Maandagavond 21 juli staat de Nederlandse clash tussen
Raymond van Barneveld en
Michael van Gerwen op het programma op de
World Matchplay. 'Barney' hoopt dat hij zichzelf kan laten zien tegen zijn rivaal in de Winter Gardens.
De 58-jarige verkeert momenteel niet in grootse vorm. De resultaten blijven uit en ook het geloof lijkt er niet te zijn bij de Hagenaar. "Er is niks leukers dan spraakmakend te zijn, dat de wereld het weer over Van Barneveld heeft. Daar ben je voor bezig, niet om er maar een beetje bij te horen", erkent hij in gesprek met
Sportnieuws.nl. "Mensen schrikken er soms weer van."
Maar waar ligt het dan aan dat het op dit moment niet wil vlotten? Volgens Van Barneveld loopt het tijdens het ingooien altijd lekker, maar wil het op het podium daarna niet lukken. Deze uitspraken zijn niet onbekend uit de mond van 'Barney'. "Leg mij maar eens uit hoe dat kan. Ik probeer daar een verklaring voor te zoeken, maar die is er gewoon niet."
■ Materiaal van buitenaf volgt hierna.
lemma cover_preimage_inverse:
  assumes "\<And>x. G (Ginv x) = x"
  shows "cover_preimage Ginv (cover_preimage G \<U>) = \<U>"
proof -
  have "G \<circ> Ginv = id"
    using assms by auto
  then show ?thesis
    unfolding cover_preimage_comp by (simp add: cover_preimage_def)
qed

lemma cover_join_preimage:
  "cover_join (cover_preimage f \<U>) (cover_preimage f \<V>) = cover_preimage f (cover_join \<U> \<V>)"
proof (intro set_eqI iffI)
  fix W assume "W \<in> cover_join (cover_preimage f \<U>) (cover_preimage f \<V>)"
  then obtain U V where "U \<in> \<U>" "V \<in> \<V>" "W = f -` (U \<inter> V)"
    by (auto simp: cover_join_def cover_preimage_def)
  then show "W \<in> cover_preimage f (cover_join \<U> \<V>)"
    unfolding cover_join_def cover_preimage_def by blast
next
  fix W assume "W \<in> cover_preimage f (cover_join \<U> \<V>)"
  then obtain U V where "U \<in> \<U>" "V \<in> \<V>" "W = f -` U \<inter> f -` V"
    by (auto simp: cover_join_def cover_preimage_def)
  then show "W \<in> cover_join (cover_preimage f \<U>) (cover_preimage f \<V>)"
    unfolding cover_join_def cover_preimage_def by blast
qed

section \<open>Order and dimension of covers\<close>

lemma card_covering_le_cover_ord:
  assumes "finite \<V>"
  shows "card {V\<in>\<V>. x \<in> V} \<le> cover_ord \<V> + 1"
proof -
  have "range (\<lambda>x. card {V\<in>\<V>. x \<in> V}) \<subseteq> {..card \<V>}"
    using assms by (auto intro: card_mono)
  then have "finite (range (\<lambda>x. card {V\<in>\<V>. x \<in> V}))"
    using finite_subset by blast
  then have "card {V\<in>\<V>. x \<in> V} \<le> (MAX x. card {V\<in>\<V>. x \<in> V})"
    by simp
  then show ?thesis
    unfolding cover_ord_def by linarith
qed

lemma cover_ord_le:
  assumes "finite \<V>" and "\<And>x. card {V\<in>\<V>. x \<in> V} \<le> K"
  shows "cover_ord \<V> \<le> K"
proof -
  have "range (\<lambda>x. card {V\<in>\<V>. x \<in> V}) \<subseteq> {..card \<V>}"
    using assms by (auto intro: card_mono)
  then have "finite (range (\<lambda>x. card {V\<in>\<V>. x \<in> V}))"
    using finite_subset by blast
  then have "(MAX x. card {V\<in>\<V>. x \<in> V}) \<le> K"
    using assms(2) by simp
  then show ?thesis
    unfolding cover_ord_def by linarith
qed

lemma cover_ord_preimage:
  assumes "surj f"
  shows "cover_ord (cover_preimage f \<V>) = cover_ord \<V>"
proof -
  have inj: "inj (\<lambda>V. f -` V)"
    using assms by (metis injI surj_image_vimage_eq)
  have "card {W\<in>cover_preimage f \<V>. x \<in> W} = card {V\<in>\<V>. f x \<in> V}" for x
  proof -
    have "{W\<in>cover_preimage f \<V>. x \<in> W} = (\<lambda>V. f -` V) ` {V\<in>\<V>. f x \<in> V}"
      by (auto simp: cover_preimage_def)
    then show ?thesis
      using inj by (simp add: card_image inj_on_subset)
  qed
  moreover have "range (\<lambda>x. card {V\<in>\<V>. f x \<in> V}) = (\<lambda>y. card {V\<in>\<V>. y \<in> V}) ` range f"
    by (simp add: image_image)
  ultimately show ?thesis
    using assms by (simp add: cover_ord_def)
qed

lemma cover_D_witness:
  assumes "finite_open_cover \<U>"
  obtains \<V> where "finite_open_cover \<V>" "refines \<V> \<U>" "cover_ord \<V> = cover_D \<U>"
proof -
  have "\<exists>k \<V>. finite_open_cover \<V> \<and> refines \<V> \<U> \<and> cover_ord \<V> = k"
    using assms by (auto simp: refines_def)
  from LeastI_ex[OF this] show ?thesis
    using that unfolding cover_D_def by blast
qed

lemma cover_D_le_cover_ord:
  assumes "finite_open_cover \<V>" and "refines \<V> \<U>"
  shows "cover_D \<U> \<le> cover_ord \<V>"
  unfolding cover_D_def by (rule Least_le) (use assms in blast)

lemma cover_D_mono:
  assumes "finite_open_cover \<V>" and "refines \<V> \<U>"
  shows "cover_D \<U> \<le> cover_D \<V>"
proof -
  obtain \<W> where "finite_open_cover \<W>" "refines \<W> \<V>" "cover_ord \<W> = cover_D \<V>"
    using cover_D_witness[OF assms(1)] .
  then show ?thesis
    using cover_D_le_cover_ord[of \<W> \<U>] refines_trans[of \<W> \<V> \<U>] assms(2) by simp
qed

lemma cover_mdim_eq_0_if_bounded:
  assumes "\<And>n. cover_D_dyn \<U> f n \<le> K"
  shows "cover_mdim \<U> f = 0"
proof -
  have "(\<lambda>n. real (cover_D_dyn \<U> f n) / real n) \<longlonglongrightarrow> 0"
  proof (rule tendsto_sandwich[of "\<lambda>n. 0" _ _ "\<lambda>n. real K / real n"])
    show "\<forall>\<^sub>F n in sequentially. real (cover_D_dyn \<U> f n) / real n \<le> real K / real n"
      using assms by (intro always_eventually allI divide_right_mono) auto
  qed (auto intro: lim_const_over_n)
  then show ?thesis
    unfolding cover_mdim_def by (rule limI)
qed

lemma mdim_eq_0I:
  assumes "\<And>\<U>. finite_open_cover \<U> \<Longrightarrow> cover_mdim \<U> f = 0"
  shows "mdim f = 0"
proof -
  have "{UNIV} \<in> {\<U>. finite_open_cover \<U>}"
    by (simp add: finite_open_cover_def)
  then have "(\<lambda>\<U>. ereal (cover_mdim \<U> f)) ` {\<U>. finite_open_cover \<U>} = {0}"
    using assms by auto
  then show ?thesis
    by (simp add: mdim_def)
qed
lemma conformal_edge_elim_exists:
  assumes OM: "oriented_matroid E C" and XC: "X \<in> C" and YC: "Y \<in> C"
    and conf: "conformal X Y" and XY: "X \<noteq> Y" and edge: "is_edge E C (comp X Y)"
    and Xe: "X e = Y e" "X e \<noteq> Zer"
  obtains Z where "Z \<in> C" "Z e = Zer" "\<And>h. h \<notin> sep (negv X) Y \<Longrightarrow> Z h = comp (negv X) Y h"
proof -
  have "negv X \<noteq> negv Y" "e \<in> sep (negv X) Y"
    using XY Xe by (metis negv_negv, simp add: sep_def)
  then obtain Z where Z: "Z \<in> C" "Z e = Zer" and Zval: "\<And>g. Z g \<noteq> Zer \<Longrightarrow> Z g = negv X g \<or> Z g = Y g"
    using om_elim[OF OM om_negv[OF OM XC] YC] by metis
  have Z0: "Z g = Zer" if "X g = Zer" "Y g = Zer" for g
    using Zval[of g] that by auto
  have "Z h = comp (negv X) Y h" if h: "h \<notin> sep (negv X) Y" for h
  proof (cases "X h = Zer \<and> Y h = Zer")
    case True
    then show ?thesis using Z0 by (simp add: comp_def)
  next
    case False
    obtain W where W: "W \<in> {X, Y}" "W h = Zer"
      using conformal_not_sep_neg[OF conf h] by blast
    have "Z h \<noteq> Zer"
    proof
      assume "Z h = Zer"
      then have "Z = W \<or> Z = negv W"
        using W Z0 False Z(1) XC YC
        by (intro edge_cocircuits_eq_or_neg[OF OM edge, of h])
           (auto simp: comp_def zset_def split: if_splits)
      then show False using Z(2) Xe W by auto
    qed
    then show ?thesis
      using Zval[of h] conformal_not_sep_neg[OF conf h] False by (auto simp: comp_def)
  qed
  with Z show thesis by (rule that)
qed

lemma conformal_edge_elim:
  assumes OM: "oriented_matroid E C" and XC: "X \<in> C" and YC: "Y \<in> C"
    and conf: "conformal X Y" and XY: "X \<noteq> Y" and edge: "is_edge E C (comp X Y)"
    and Xe: "X e = Y e" "X e \<noteq> Zer"
  shows "elim C e (negv X) Y \<in> C" "elim C e (negv X) Y e = Zer"
    and "h \<notin> sep (negv X) Y \<Longrightarrow> elim C e (negv X) Y h = comp (negv X) Y h"
proof -
  obtain Z where Z: "Z \<in> C" "Z e = Zer" "\<And>h. h \<notin> sep (negv X) Y \<Longrightarrow> Z h = comp (negv X) Y h"
    using conformal_edge_elim_exists[OF assms] by blast
  obtain d where "X d \<noteq> Y d" using XY by blast
  then have d: "d \<notin> sep (negv X) Y" "comp (negv X) Y d \<noteq> Zer"
    by (auto simp: sep_def comp_def)
  have spec_zero: "U g = Zer"
    if "\<And>h. h \<notin> sep (negv X) Y \<Longrightarrow> U h = comp (negv X) Y h" "g \<in> zset E (comp X Y)" for U g
  proof -
    have "X g = Zer" "Y g = Zer"
      using that(2) by (auto simp: zset_def comp_def split: if_splits)
    then show ?thesis using that(1)[of g] by (simp add: sep_def comp_def)
  qed
  have "Z' = Z"
    if Z': "Z' \<in> C" "Z' e = Zer" "\<forall>h. h \<notin> sep (negv X) Y \<longrightarrow> Z' h = comp (negv X) Y h" for Z'
  proof -
    have "Z' = Z \<or> Z' = negv Z"
      using Z(1,2) Z'(1,2) Xe spec_zero[OF Z(3)] spec_zero[of Z', OF Z'(3)[rule_format]]
      by (intro edge_cocircuits_eq_or_neg[OF OM edge, of e]) (auto simp: comp_def)
    then show ?thesis
      using Z(3)[OF d(1)] Z'(3) d by auto
  qed
  moreover have "Z \<in> C \<and> Z e = Zer \<and> (\<forall>h. h \<notin> sep (negv X) Y \<longrightarrow> Z h = comp (negv X) Y h)"
    using Z by blast
  ultimately have "elim C e (negv X) Y = Z"
    unfolding elim_def by (intro the_equality) blast+
  with Z show "elim C e (negv X) Y \<in> C" "elim C e (negv X) Y e = Zer"
    and "h \<notin> sep (negv X) Y \<Longrightarrow> elim C e (negv X) Y h = comp (negv X) Y h"
    by simp_all
qed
De Nederlander heeft gemengde gevoelens over de World Matchplay. Onder andere de omstandigheden in de Winter Gardens in Blackpool spelen daar een rol in. "Vroeger was ik een stuk forser en op de Matchplay is het altijd enorm warm. Dan komt het zweet, alles plakt, je pijlen gaan dan minder vloeiend. Er zijn spelers die daar totaal geen last van hebben. Dan vraag ik me weleens af hoe ze dat voor elkaar krijgen. Er zijn mensen die daar altijd pieken en daar ben ik best wel jaloers op."
Toch zijn er ook voordelen aan de opzet van het toernooi voor Van Barneveld. Met één wedstrijd per dag heeft hij genoeg tijd om zijn rust te pakken. En het feit dat hij pas maandagavond in actie komt bevalt de Nederlander ook wel. "Dat vond ik wel fijn, om maandag te spelen in plaats van bijvoorbeeld zaterdag. Anders was alles wat korter geweest. Nu kan ik thuis nog wat gooien en hoef ik pas later te reizen. Dat vind ik wel fijn. En mocht ik winnen, dan moet ik woensdag weer, kan ik weer lekker opbouwen. Het kost mij ongelofelijk veel energie", concludeert hij.
Een ander belangrijk onderdeel in zijn voorbereiding is zijn suikerziekte, waardoor alle perfect geregeld moet zijn in aanloop naar zijn wedstrijden. "Voor mij is het belangrijk dat ik ontbijt, lunch én avondeten kan pakken en daarna naar de zaal kan. Als ik al 's middags zou moeten, is het kort en kan ik maar maximaal twee keer eten. Dat is vervelend voor mijn suikerziekte. Ik vind 's avonds spelen daarom natuurlijk lekkerder", besluit hij.